Practice writing equations that represent their meaning.

Answer 2

Perhaps a revision of some of your statements is in order. You said:

My understanding of voltage is that it is the amount of energy needed to move an electrical charge across 2 points in the circuit.

Correct, but easy to misinterpret. The truth is that any voltage will eventually move a charge from one place in a circuit to another. What changes is the rate at which charges complete that journey.

the larger the resistor the more energy needed to move current through

Very misleading. Voltage is a measure of energy that a charge would have to lose on a complete journey through the resistance. That doesn't mean that you can't have quadrillions of charges moving only part way through it, losing only a small chunk of their energy.

Current is a measure of how many charges are entering or leaving the resistor each second, and is not to be confused with how many charges are completing the entire journey through the resistor. Probably no single charge will make the complete journey, unless you leave that current flowing for a long time.

With the two resistors on the right, I would think that the larger resistor would have a greater voltage across it, but it's the same as the other parallel resistor according to KVL

The voltage across each resistor R2 and R3 is indeed the same according to KVL, but...

If you have a larger resistor, wouldn't you need more energy to move a charge through it? How could it be the same as the smaller resistor?

It is correct to say that with the same voltage across them, the difference between the potential energy of a charge found at one end of R2/R3, and the potential energy of a charge found at the other end, is the same. That is, in both cases, a charge that completes the journey via either resistor will have lost the same amount of energy after a complete journey through its respective resistor.

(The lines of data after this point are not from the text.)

(* Let $n\ge0$ be an integer, let $\tilde\Phi_n(t)=\sum_{k=0}^\infty\alpha_k^{(n)}Q_k(t)$ for $t\in(-1,1)$, and let $L_n$ be the differential operator $$L_n[\varphi](t)=(1-t^2)\varphi''(t)-2t\varphi'(t)+(\chi_n-c^2t^2)\varphi(t).$$ Then for all $t\in(-1,1)$, $$L_n[\tilde\Phi_n](t)=-c^2\Big(\alpha_0^{(n)}t+\frac{\alpha_1^{(n)}}{3}\Big).$$
   Context: For a real number $c>0$, let $\psi_0,\psi_1,\dots$ be the prolate spheroidal wave functions of band limit $c$: the real $L^2[-1,1]$-normalized eigenfunctions of $F_c[\varphi](x)=\int_{-1}^1\varphi(t)e^{icxt}\,dt$ (eigenvalues ordered by decreasing absolute value). $\chi_0<\chi_1<\dots$ are the positive numbers such that $\psi_n$ satisfies $(1-x^2)\psi''(x)-2x\psi'(x)+(\chi_n-c^2x^2)\psi(x)=0$. Let $P_k$ be the Legendre polynomials and $\alpha_k^{(n)}=(k+\tfrac12)\int_{-1}^1\psi_n(x)P_k(x)\,dx$, so $\psi_n=\sum_k\alpha_k^{(n)}P_k$ on $[-1,1]$. The Legendre functions of the second kind are $Q_0(t)=\frac12\log\frac{1+t}{1-t}$, $Q_1(t)=\frac t2\log\frac{1+t}{1-t}-1$, and $(k+1)Q_{k+1}(t)=(2k+1)tQ_k(t)-kQ_{k-1}(t)$ for $k\ge1$. *)

theory Defs
  imports "HOL-Analysis.Analysis"
begin

fun legP :: "nat \<Rightarrow> real \<Rightarrow> real" where
  "legP 0 t = 1"
| "legP (Suc 0) t = t"
| "legP (Suc (Suc k)) t =
     ((2 * real k + 3) * t * legP (Suc k) t - (real k + 1) * legP k t) / (real k + 2)"

fun legQ :: "nat \<Rightarrow> real \<Rightarrow> real" where
  "legQ 0 t = ln ((1 + t) / (1 - t)) / 2"
| "legQ (Suc 0) t = t / 2 * ln ((1 + t) / (1 - t)) - 1"
| "legQ (Suc (Suc k)) t =
     ((2 * real k + 3) * t * legQ (Suc k) t - (real k + 1) * legQ k t) / (real k + 2)"
lemma Bil_add_left_if_cobound2_eq_1:
  fixes \<phi> :: "'b::ab_group_add \<Rightarrow> 'b \<Rightarrow> 'k::field"
  assumes nz: "\<And>x y. \<phi> x y \<noteq> 0"
    and "cobound2 \<phi> x y z = 1" and "cobound2 \<phi> z x y = 1" and "cobound2 \<phi> x z y = 1"
  shows "Bil \<phi> (x + y) z = Bil \<phi> x z * Bil \<phi> y z"
proof -
  have e1: "\<phi> (x + y) z = \<phi> y z * \<phi> x (y + z) / \<phi> x y"
    using assms(2) nz unfolding cobound2_def by (simp add: field_simps)
  have e2: "\<phi> z (x + y) = \<phi> (x + z) y * \<phi> z x / \<phi> x y"
    using assms(3) nz unfolding cobound2_def by (simp add: field_simps add.commute)
  have e3: "\<phi> x (y + z) = \<phi> (x + z) y * \<phi> x z / \<phi> z y"
    using assms(4) nz unfolding cobound2_def by (simp add: field_simps add.commute)
  show ?thesis
    unfolding Bil_def e1 e2 e3 using nz by (simp add: field_simps)
qed

locale kernel_pairing =
  fixes \<phi> :: "'b::{ab_group_add,finite} \<Rightarrow> 'b \<Rightarrow> 'k::field" and K :: "'b set"
  assumes nonzero: "\<phi> x y \<noteq> 0"
    and add_submonoid_K: "add_submonoid K"
    and cobound2_trivial: "x \<in> K \<or> y \<in> K \<or> z \<in> K \<Longrightarrow> cobound2 \<phi> x y z = 1"
begin

lemma Bil_nonzero: "Bil \<phi> x y \<noteq> 0"
  unfolding Bil_def by (simp add: nonzero)

lemma Bil_swap: "Bil \<phi> x y = inverse (Bil \<phi> y x)"
  unfolding Bil_def by (simp add: nonzero)

lemma Bil_add_left: "k \<in> K \<Longrightarrow> Bil \<phi> (x + y) k = Bil \<phi> x k * Bil \<phi> y k"
  by (rule Bil_add_left_if_cobound2_eq_1) (simp_all add: nonzero cobound2_trivial)

lemma Bil_add_left_K: "x \<in> K \<Longrightarrow> y \<in> K \<Longrightarrow> Bil \<phi> (x + y) z = Bil \<phi> x z * Bil \<phi> y z"
  by (rule Bil_add_left_if_cobound2_eq_1) (simp_all add: nonzero cobound2_trivial)

lemma Bil_add_right: "x \<in> K \<Longrightarrow> y \<in> K \<Longrightarrow> Bil \<phi> z (x + y) = Bil \<phi> z x * Bil \<phi> z y"
  using Bil_add_left_K[of x y z] Bil_swap[of z "x + y"] Bil_swap[of z x] Bil_swap[of z y]
  by (simp add: inverse_mult_distrib)

lemma Bil_diff_left: "k \<in> K \<Longrightarrow> Bil \<phi> (x - y) k = Bil \<phi> x k / Bil \<phi> y k"
  using Bil_add_left[of k "x - y" y] Bil_nonzero by (simp add: field_simps)

lemma Bil_zero_left: "k \<in> K \<Longrightarrow> Bil \<phi> 0 k = 1"
  using Bil_diff_left[of k 0 0] Bil_nonzero by simp

lemma add_submonoid_radical: "add_submonoid (K \<inter> perp \<phi> K)"
  using add_submonoid_K Bil_zero_left Bil_add_left unfolding add_submonoid_def perp_def by simp

lemma sum_subset_perp_radical: "{x + y | x y. x \<in> K \<and> y \<in> perp \<phi> K} \<subseteq> perp \<phi> (K \<inter> perp \<phi> K)"
proof (clarify, unfold perp_def, clarify)
  fix x y k assume "x \<in> K" "\<forall>k\<in>K. Bil \<phi> y k = 1" "k \<in> K" "\<forall>x\<in>K. Bil \<phi> k x = 1"
  then show "Bil \<phi> (x + y) k = 1"
    using Bil_add_left Bil_swap[of x k] by simp
qed

definition Bil_char :: "'b \<Rightarrow> 'b \<Rightarrow> 'k" where
  "Bil_char c = (\<lambda>x. if x \<in> K then Bil \<phi> c x else 0)"

lemma Bil_char_eq_iff: "Bil_char c = Bil_char c' \<longleftrightarrow> c - c' \<in> perp \<phi> K"
proof -
  have "Bil_char c = Bil_char c' \<longleftrightarrow> (\<forall>k\<in>K. Bil \<phi> c k = Bil \<phi> c' k)"
    unfolding Bil_char_def fun_eq_iff by auto
  also have "\<dots> \<longleftrightarrow> c - c' \<in> perp \<phi> K"
    unfolding perp_def using Bil_diff_left Bil_nonzero by simp
  finally show ?thesis .
qed

lemma Bil_char_in_characters:
  "c \<in> perp \<phi> (K \<inter> perp \<phi> K) \<Longrightarrow> Bil_char c \<in> characters K (K \<inter> perp \<phi> K)"
  using add_submonoid_K Bil_add_right Bil_nonzero
  unfolding characters_def Bil_char_def perp_def add_submonoid_def by auto

lemma card_le_card_Bil_char_image: "card K \<le> card (Bil_char ` K) * card (K \<inter> perp \<phi> K)"
proof (rule card_le_card_image_mult)
  fix \<chi> assume "\<chi> \<in> Bil_char ` K"
  then obtain k0 where k0: "k0 \<in> K" "\<chi> = Bil_char k0"
    by blast
  have "{k \<in> K. Bil_char k = \<chi>} \<subseteq> (\<lambda>h. h + k0) ` (K \<inter> perp \<phi> K)"
  proof
    fix k assume "k \<in> {k \<in> K. Bil_char k = \<chi>}"
    then have k: "k \<in> K" "Bil_char k = \<chi>"
      by simp_all
    then have "k - k0 \<in> perp \<phi> K"
      using k0 Bil_char_eq_iff by simp
    moreover have "k - k0 \<in> K"
      using add_submonoid_diff[OF add_submonoid_K k(1) k0(1)] .
    ultimately have "k - k0 \<in> K \<inter> perp \<phi> K"
      by blast
    then show "k \<in> (\<lambda>h. h + k0) ` (K \<inter> perp \<phi> K)"
      by (rule rev_image_eqI) simp
  qed
  then have "card {k \<in> K. Bil_char k = \<chi>} \<le> card ((\<lambda>h. h + k0) ` (K \<inter> perp \<phi> K))"
    by (rule card_mono[OF finite])
  also have "\<dots> \<le> card (K \<inter> perp \<phi> K)"
    by (rule card_image_le) simp
  finally show "card {k \<in> K. Bil_char k = \<chi>} \<le> card (K \<inter> perp \<phi> K)" .
qed simp

lemma K_subset_perp_radical: "K \<subseteq> perp \<phi> (K \<inter> perp \<phi> K)"
proof (unfold perp_def, clarify)
  fix k h assume "k \<in> K" "\<forall>x\<in>K. Bil \<phi> h x = 1"
  then show "Bil \<phi> k h = 1"
    using Bil_swap[of k h] by simp
qed

lemma Bil_char_image: "Bil_char ` K = characters K (K \<inter> perp \<phi> K)"
proof -
  let ?H = "K \<inter> perp \<phi> K"
  have sub: "Bil_char ` K \<subseteq> characters K ?H"
    using Bil_char_in_characters K_subset_perp_radical by blast
  note bound = card_characters_le[OF add_submonoid_radical add_submonoid_K Int_lower1, where 'k = 'k]
  have "card ?H * card (characters K ?H :: ('b \<Rightarrow> 'k) set) \<le> card ?H * card (Bil_char ` K)"
    using order_trans[OF bound(2) card_le_card_Bil_char_image] by (simp only: mult.commute)
  moreover have "0 < card ?H"
    using add_submonoid_radical unfolding add_submonoid_def by (auto simp: card_gt_0_iff)
  ultimately have "card (characters K ?H :: ('b \<Rightarrow> 'k) set) \<le> card (Bil_char ` K)"
    by simp
  then show ?thesis
    using card_seteq[OF bound(1) sub] by simp
qed

lemma perp_radical_subset_sum: "perp \<phi> (K \<inter> perp \<phi> K) \<subseteq> {x + y | x y. x \<in> K \<and> y \<in> perp \<phi> K}"
proof
  fix b assume "b \<in> perp \<phi> (K \<inter> perp \<phi> K)"
  then obtain k where "k \<in> K" "Bil_char b = Bil_char k"
    using Bil_char_in_characters Bil_char_image by (metis imageE)
  then have "b = k + (b - k)" "b - k \<in> perp \<phi> K"
    using Bil_char_eq_iff by simp_all
  with \<open>k \<in> K\<close> show "b \<in> {x + y | x y. x \<in> K \<and> y \<in> perp \<phi> K}"
    by blast
qed

theorem perp_radical_eq: "perp \<phi> (K \<inter> perp \<phi> K) = {x + y | x y. x \<in> K \<and> y \<in> perp \<phi> K}"
  using perp_radical_subset_sum sum_subset_perp_radical by (rule antisym)

end

theorem lemma2p1p2:
  fixes \<omega> :: "'a::{ab_group_add, finite} \<Rightarrow> 'a \<Rightarrow> 'a \<Rightarrow> 'k::alg_closed_field"
    and f :: "'b::{ab_group_add, finite} \<Rightarrow> 'a"
    and \<phi> :: "'b \<Rightarrow> 'b \<Rightarrow> 'k"
    and K :: "'b set"
  assumes "normalized_3cocycle \<omega>"
    and "group_hom f"
    and "K = {b. f b = 0}"
    and "\<forall>x y. \<phi> x y \<noteq> 0"
    and "\<forall>x y z. cobound2 \<phi> x y z = inverse (\<omega> (f x) (f y) (f z))"
  shows "perp \<phi> (K \<inter> perp \<phi> K) = {x + y | x y. x \<in> K \<and> y \<in> perp \<phi> K}"
proof -
  have f_add: "f (x + y) = f x + f y" for x y
    using assms(2) unfolding group_hom_def by blast
  then have "f 0 = 0"
    by (metis add_cancel_right_right add_0)
  then have "add_submonoid K"
    using f_add assms(3) unfolding add_submonoid_def by simp
  moreover have "cobound2 \<phi> x y z = 1" if "x \<in> K \<or> y \<in> K \<or> z \<in> K" for x y z
    using that assms(1,3,5) unfolding normalized_3cocycle_def by auto
  ultimately interpret kernel_pairing \<phi> K
    using assms(4) by unfold_locales simp_all
  show ?thesis
    by (rule perp_radical_eq)
qed

end
text \<open>Close the sets of a club avoiding N_set under passing from the code of a branch to its
  nodes and from a node to its predecessors.\<close>
lemma closed_club_avoiding_N_set_obtains:
  fixes node :: "'a \<Rightarrow> 'h" and code :: "'a set \<Rightarrow> 'h"
  assumes node_inj: "inj_on node T" and code_inj: "inj_on code B"
    and C: "club_ctbl UNIV C" and CN: "C \<inter> N_set UNIV node code B = {}"
  obtains C' where "club_ctbl UNIV C'" "\<forall>M\<in>C'. \<forall>b\<in>B. code b \<in> M \<longleftrightarrow> node ` b \<subseteq> M"
    "\<forall>M\<in>C'. \<forall>x\<in>T. node x \<in> M \<longrightarrow> (\<forall>y\<in>T. lt y x \<longrightarrow> node y \<in> M)"
proof -
  define \<phi> where "\<phi> h = node ` (\<Union>{b\<in>B. code b = h} \<union> {y\<in>T. \<exists>x\<in>T. node x = h \<and> lt y x})"
    for h
  have "\<forall>h\<in>UNIV. \<phi> h \<subseteq> UNIV \<and> countable (\<phi> h)"
  proof
    fix h
    have "{b\<in>B. code b = h} = code -` {h} \<inter> B" by auto
    then have "finite {b\<in>B. code b = h}" using finite_vimage_IntI[OF _ code_inj] by simp
    then have "countable (\<Union>b\<in>{b\<in>B. code b = h}. b)"
      by (rule countable_UN[OF countable_finite]) (use countable_branch[OF branch] in blast)
    then have codes: "countable (\<Union>{b\<in>B. code b = h})" by simp
    have "{x\<in>T. node x = h} = node -` {h} \<inter> T" by auto
    then have "finite {x\<in>T. node x = h}" using finite_vimage_IntI[OF _ node_inj] by simp
    then have fin: "finite (\<Union>x\<in>{x\<in>T. node x = h}. preds T lt x)"
      by (rule finite_UN_I) (simp add: finite_preds)
    have "{y\<in>T. \<exists>x\<in>T. node x = h \<and> lt y x} \<subseteq> (\<Union>x\<in>{x\<in>T. node x = h}. preds T lt x)"
      unfolding preds_def by blast
    then have "countable {y\<in>T. \<exists>x\<in>T. node x = h \<and> lt y x}"
      using countable_subset[OF _ countable_finite[OF fin]] by blast
    with codes show "\<phi> h \<subseteq> UNIV \<and> countable (\<phi> h)" unfolding \<phi>_def by simp
  qed
  then have club: "club_ctbl UNIV {M\<in>C. \<forall>h\<in>M. \<phi> h \<subseteq> M}" by (rule club_ctbl_closure_points[OF C])
  have "code b \<in> M \<longleftrightarrow> node ` b \<subseteq> M" if M: "M \<in> C" "\<forall>h\<in>M. \<phi> h \<subseteq> M" and b: "b \<in> B" for M b
  proof
    assume "code b \<in> M"
    moreover have "node ` b \<subseteq> \<phi> (code b)" unfolding \<phi>_def using b by blast
    ultimately show "node ` b \<subseteq> M" using M(2) by blast
  next
    assume "node ` b \<subseteq> M"
    moreover have "M \<in> ctbl_subsets UNIV" using M(1) club_ctbl_subset[OF C] by blast
    ultimately show "code b \<in> M" using CN M(1) b unfolding N_set_def by blast
  qed
  moreover have "node y \<in> M" if "\<forall>h\<in>M. \<phi> h \<subseteq> M" "x \<in> T" "node x \<in> M" "y \<in> T" "lt y x" for M x y
    using that unfolding \<phi>_def by blast
  ultimately show thesis using that[OF club] by blast
qed

lemma countable_branches_in_club_set:
  assumes code_inj: "inj_on code B" and C: "club_ctbl X C"
    and code_iff: "\<forall>M\<in>C. \<forall>b\<in>B. code b \<in> M \<longleftrightarrow> node ` b \<subseteq> M" and M: "M \<in> C"
  shows "countable {b\<in>B. b \<subseteq> {x\<in>T. node x \<in> M}}"
proof -
  have "code ` {b\<in>B. code b \<in> M} \<subseteq> M" by blast
  moreover have "countable M" using M club_ctbl_subset[OF C] unfolding ctbl_subsets_def by blast
  ultimately have "countable (code ` {b\<in>B. code b \<in> M})" by (rule countable_subset)
  moreover have "inj_on code {b\<in>B. code b \<in> M}" by (rule inj_on_subset[OF code_inj]) blast
  ultimately have "countable {b\<in>B. code b \<in> M}" by (rule countable_image_inj_on)
  moreover have "{b\<in>B. b \<subseteq> {x\<in>T. node x \<in> M}} \<subseteq> {b\<in>B. code b \<in> M}"
  proof
    fix b assume "b \<in> {b\<in>B. b \<subseteq> {x\<in>T. node x \<in> M}}"
    then have b: "b \<in> B" and "node ` b \<subseteq> M" by auto
    then have "code b \<in> M" using code_iff[rule_format, OF M b] by blast
    with b show "b \<in> {b\<in>B. code b \<in> M}" by blast
  qed
  ultimately show ?thesis by (rule countable_subset[rotated])
qed

text \<open>The stages containing the single nodes of b form a countable chain in C, whose union
  then contains the code of b; so one of these stages does.\<close>
lemma branch_in_earlier_chain_stage:
  assumes C: "club_ctbl X C" and code_iff: "\<forall>M\<in>C. \<forall>b\<in>B. code b \<in> M \<longleftrightarrow> node ` b \<subseteq> M"
    and M: "\<forall>\<alpha>\<in>Field w1. M \<alpha> \<in> C \<and> (\<forall>\<gamma>. w1_less \<gamma> \<alpha> \<longrightarrow> M \<gamma> \<subseteq> M \<alpha>)"
    and b: "b \<in> B" and covered: "b \<subseteq> (\<Union>\<gamma>\<in>{\<gamma>\<in>Field w1. w1_less \<gamma> \<alpha>}. {x\<in>T. node x \<in> M \<gamma>})"
  shows "\<exists>\<gamma>\<in>Field w1. w1_less \<gamma> \<alpha> \<and> b \<subseteq> {x\<in>T. node x \<in> M \<gamma>}"
proof -
  have M_mono: "M \<gamma> \<subseteq> M \<delta>" if "(\<gamma>, \<delta>) \<in> w1" for \<gamma> \<delta>
  proof (cases "\<gamma> = \<delta>")
    case False
    have "\<delta> \<in> Field w1" using that w1_Field by blast
    then show ?thesis using M that False by blast
  qed simp
  have "\<forall>x\<in>b. \<exists>\<gamma>. \<gamma> \<in> Field w1 \<and> w1_less \<gamma> \<alpha> \<and> node x \<in> M \<gamma>" using covered by blast
  from bchoice[OF this] obtain g where g: "\<forall>x\<in>b. g x \<in> Field w1 \<and> w1_less (g x) \<alpha> \<and> node x \<in> M (g x)"
    by blast
  let ?ch = "(\<lambda>x. M (g x)) ` b"
  have M_g: "M (g x) \<in> C" if "x \<in> b" for x using g M that by blast
  have ch: "\<Union>?ch \<in> C"
  proof (rule club_ctbl_Union[OF C])
    show "?ch \<subseteq> C" using M_g by blast
    show "?ch \<noteq> {}" using infinite_imp_nonempty[OF infinite_branch[OF branch[OF b]]] by blast
    show "countable ?ch" using countable_branch[OF branch[OF b]] by simp
    show "\<forall>u\<in>?ch. \<forall>v\<in>?ch. u \<subseteq> v \<or> v \<subseteq> u" using g w1_total M_mono by blast
  qed
  have "node ` b \<subseteq> \<Union>?ch" using g by blast
  then have "code b \<in> \<Union>?ch" using code_iff[rule_format, OF ch b] by blast
  then obtain z where z: "z \<in> b" "code b \<in> M (g z)" by blast
  then have "node ` b \<subseteq> M (g z)" using code_iff[rule_format, OF M_g[OF z(1)] b] by blast
  then have "b \<subseteq> {x\<in>T. node x \<in> M (g z)}" using branch_subset[OF branch[OF b]] by blast
  then show ?thesis using g z(1) by blast
qed
end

However, again it's not correct to say that any charge makes that complete journey. All else being equal (resistor dimensions, cross-section area, charge density etc), the average speed of individual charges through the 3Ω resistor will slightly greater than (by a factor of \$\frac{4}{3}\$) than the average speed of charges in the 4Ω resistor.

Consequently, more charges are entering the top of R2 each second (and leaving at the bottom), than are entering (and leaving) R3 each second. This is the definition of current: quantity of charge passing some point in one second.

It would be correct to say that after a long, long time, \$\frac{4}{3}\$ as many charges will have completed the journey through R2 compared to charges travelling through R3.

Instantaneously, that picture doesn't work, because in a tiny fraction of a second, no single charge has time to complete the journey. Yet current is still flowing, and is non-zero. I repeat, that's because there are quadrillions of charges travelling part-way, rather that just a few making it all the way through.

Your interpretation of voltage is correct, though, just don't forget that a charge that moves only, say, half way between two points of potential difference (half way through the resistor) will only lose half of its potential energy, but it still moved, and it still contributed to current! There's always another charge that started half-way, and made it out of the resistor!

Just extend that description of behaviour to quadrillions of charges, each moving only a tiny distance in each second, and you'll get a better picture of what's going on.